■ PROBLEM DETAILS: When you reach the line containing "k = (\<Sum>d<D." in the entries below, start writing out each line exactly, and stop after the line containing "fix d assume".

■ RECORDED DATA:
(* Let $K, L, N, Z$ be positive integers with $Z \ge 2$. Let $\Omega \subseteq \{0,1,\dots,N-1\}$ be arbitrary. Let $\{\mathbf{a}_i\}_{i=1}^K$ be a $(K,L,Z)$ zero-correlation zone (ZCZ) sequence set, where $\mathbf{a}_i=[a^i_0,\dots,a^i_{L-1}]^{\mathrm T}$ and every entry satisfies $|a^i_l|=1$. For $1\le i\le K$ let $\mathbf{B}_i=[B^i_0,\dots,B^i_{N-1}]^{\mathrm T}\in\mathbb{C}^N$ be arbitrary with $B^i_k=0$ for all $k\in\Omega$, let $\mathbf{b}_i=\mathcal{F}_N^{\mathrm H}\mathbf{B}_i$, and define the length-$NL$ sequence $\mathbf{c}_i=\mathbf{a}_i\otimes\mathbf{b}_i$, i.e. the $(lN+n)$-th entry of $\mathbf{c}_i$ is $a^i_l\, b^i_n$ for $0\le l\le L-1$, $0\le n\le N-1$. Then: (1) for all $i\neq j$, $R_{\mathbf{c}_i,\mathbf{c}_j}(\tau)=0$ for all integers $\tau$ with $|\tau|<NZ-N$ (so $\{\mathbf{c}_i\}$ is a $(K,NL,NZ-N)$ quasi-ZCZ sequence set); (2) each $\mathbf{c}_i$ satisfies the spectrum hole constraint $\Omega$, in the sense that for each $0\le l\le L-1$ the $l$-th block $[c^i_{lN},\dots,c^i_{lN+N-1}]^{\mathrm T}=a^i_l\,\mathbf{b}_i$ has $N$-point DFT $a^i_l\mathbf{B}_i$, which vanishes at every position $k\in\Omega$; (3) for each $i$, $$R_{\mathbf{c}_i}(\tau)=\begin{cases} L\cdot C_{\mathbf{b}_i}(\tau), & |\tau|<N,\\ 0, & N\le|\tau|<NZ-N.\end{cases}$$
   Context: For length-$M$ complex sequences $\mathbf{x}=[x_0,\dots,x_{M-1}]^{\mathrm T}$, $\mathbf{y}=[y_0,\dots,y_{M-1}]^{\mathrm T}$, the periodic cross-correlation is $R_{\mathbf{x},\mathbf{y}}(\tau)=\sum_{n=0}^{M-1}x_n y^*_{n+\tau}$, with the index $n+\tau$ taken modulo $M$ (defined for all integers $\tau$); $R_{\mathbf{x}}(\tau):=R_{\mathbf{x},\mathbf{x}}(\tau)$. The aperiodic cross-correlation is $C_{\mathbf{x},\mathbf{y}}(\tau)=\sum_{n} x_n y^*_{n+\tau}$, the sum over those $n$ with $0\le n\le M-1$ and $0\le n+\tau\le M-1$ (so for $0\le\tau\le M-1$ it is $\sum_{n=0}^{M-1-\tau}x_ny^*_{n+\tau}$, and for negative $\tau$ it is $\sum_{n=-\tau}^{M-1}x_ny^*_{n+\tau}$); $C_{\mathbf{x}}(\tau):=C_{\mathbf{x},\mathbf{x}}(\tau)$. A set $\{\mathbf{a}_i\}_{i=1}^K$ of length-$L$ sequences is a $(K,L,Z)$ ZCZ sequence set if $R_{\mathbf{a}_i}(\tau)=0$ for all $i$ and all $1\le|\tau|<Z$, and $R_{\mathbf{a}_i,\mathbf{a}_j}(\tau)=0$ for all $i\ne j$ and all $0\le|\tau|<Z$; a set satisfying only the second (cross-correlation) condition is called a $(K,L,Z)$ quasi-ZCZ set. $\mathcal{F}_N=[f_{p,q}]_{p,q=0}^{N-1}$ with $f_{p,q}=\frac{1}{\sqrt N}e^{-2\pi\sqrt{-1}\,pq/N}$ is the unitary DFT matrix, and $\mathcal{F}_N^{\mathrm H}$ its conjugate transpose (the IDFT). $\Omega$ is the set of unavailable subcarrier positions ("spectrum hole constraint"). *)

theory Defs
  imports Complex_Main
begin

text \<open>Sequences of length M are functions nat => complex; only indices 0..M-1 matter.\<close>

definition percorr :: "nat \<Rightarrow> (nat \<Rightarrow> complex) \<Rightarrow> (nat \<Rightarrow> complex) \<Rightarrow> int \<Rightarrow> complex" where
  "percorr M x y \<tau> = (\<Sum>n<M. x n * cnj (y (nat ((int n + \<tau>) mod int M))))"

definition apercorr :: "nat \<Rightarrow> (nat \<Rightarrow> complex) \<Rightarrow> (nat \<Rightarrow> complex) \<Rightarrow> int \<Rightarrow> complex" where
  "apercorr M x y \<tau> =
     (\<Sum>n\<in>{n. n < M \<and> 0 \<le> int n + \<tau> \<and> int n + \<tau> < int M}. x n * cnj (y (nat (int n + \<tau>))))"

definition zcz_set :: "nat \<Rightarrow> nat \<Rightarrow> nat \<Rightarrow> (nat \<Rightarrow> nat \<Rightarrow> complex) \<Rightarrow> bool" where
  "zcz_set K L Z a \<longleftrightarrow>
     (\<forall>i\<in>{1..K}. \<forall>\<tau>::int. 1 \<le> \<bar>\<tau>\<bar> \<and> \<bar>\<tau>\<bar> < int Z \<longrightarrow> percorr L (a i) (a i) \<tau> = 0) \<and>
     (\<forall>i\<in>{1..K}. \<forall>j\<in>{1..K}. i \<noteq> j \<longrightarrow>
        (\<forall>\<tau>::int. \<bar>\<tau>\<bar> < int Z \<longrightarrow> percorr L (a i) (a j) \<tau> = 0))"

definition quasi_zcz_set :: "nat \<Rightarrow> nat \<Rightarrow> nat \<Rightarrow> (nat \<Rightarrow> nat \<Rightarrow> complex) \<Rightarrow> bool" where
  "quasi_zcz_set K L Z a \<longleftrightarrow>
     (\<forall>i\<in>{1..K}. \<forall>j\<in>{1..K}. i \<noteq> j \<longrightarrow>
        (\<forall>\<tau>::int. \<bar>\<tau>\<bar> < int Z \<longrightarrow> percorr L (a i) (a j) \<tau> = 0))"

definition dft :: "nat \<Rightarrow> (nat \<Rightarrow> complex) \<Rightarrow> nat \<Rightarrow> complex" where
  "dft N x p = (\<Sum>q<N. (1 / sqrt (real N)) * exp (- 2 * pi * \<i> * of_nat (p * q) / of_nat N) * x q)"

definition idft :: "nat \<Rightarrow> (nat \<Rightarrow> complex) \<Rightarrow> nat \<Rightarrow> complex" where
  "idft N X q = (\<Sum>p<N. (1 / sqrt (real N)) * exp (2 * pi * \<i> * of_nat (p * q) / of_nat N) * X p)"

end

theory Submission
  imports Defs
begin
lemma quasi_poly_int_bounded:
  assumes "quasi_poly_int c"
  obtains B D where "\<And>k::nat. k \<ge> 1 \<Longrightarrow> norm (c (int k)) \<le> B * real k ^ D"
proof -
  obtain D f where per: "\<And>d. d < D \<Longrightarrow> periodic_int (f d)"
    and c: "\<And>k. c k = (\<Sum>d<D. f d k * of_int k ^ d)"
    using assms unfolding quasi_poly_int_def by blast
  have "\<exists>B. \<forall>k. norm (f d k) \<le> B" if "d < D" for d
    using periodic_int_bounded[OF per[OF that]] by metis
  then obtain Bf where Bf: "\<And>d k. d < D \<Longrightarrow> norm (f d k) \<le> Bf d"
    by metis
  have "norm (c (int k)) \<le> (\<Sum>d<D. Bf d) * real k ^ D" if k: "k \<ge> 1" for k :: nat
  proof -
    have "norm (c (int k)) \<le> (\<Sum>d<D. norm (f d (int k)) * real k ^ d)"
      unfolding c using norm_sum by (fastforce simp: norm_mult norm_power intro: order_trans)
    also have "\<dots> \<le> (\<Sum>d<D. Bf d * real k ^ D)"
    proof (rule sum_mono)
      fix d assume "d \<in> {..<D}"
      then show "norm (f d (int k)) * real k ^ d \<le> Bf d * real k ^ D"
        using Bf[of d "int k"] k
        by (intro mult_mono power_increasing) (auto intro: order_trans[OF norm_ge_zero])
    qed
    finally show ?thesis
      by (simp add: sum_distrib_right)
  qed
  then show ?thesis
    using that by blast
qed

■ RESPONSE AREA:
    and c: "\<And>k. c k = (\<Sum>d<D. f d k * of_int k ^ d)"
    using assms unfolding quasi_poly_int_def by blast
  have "\<exists>B. \<forall>k. norm (f d k) \<le> B" if "d < D" for d
    using periodic_int_bounded[OF per[OF that]] by metis
  then obtain Bf where Bf: "\<And>d k. d < D \<Longrightarrow> norm (f d k) \<le> Bf d"
    by metis
  have "norm (c (int k)) \<le> (\<Sum>d<D. Bf d) * real k ^ D" if k: "k \<ge> 1" for k :: nat
  proof -
    have "norm (c (int k)) \<le> (\<Sum>d<D. norm (f d (int k)) * real k ^ d)"
      unfolding c using norm_sum by (fastforce simp: norm_mult norm_power intro: order_trans)
    also have "\<dots> \<le> (\<Sum>d<D. Bf d * real k ^ D)"
    proof (rule sum_mono)
      fix d assume "d \<in> {..<D}"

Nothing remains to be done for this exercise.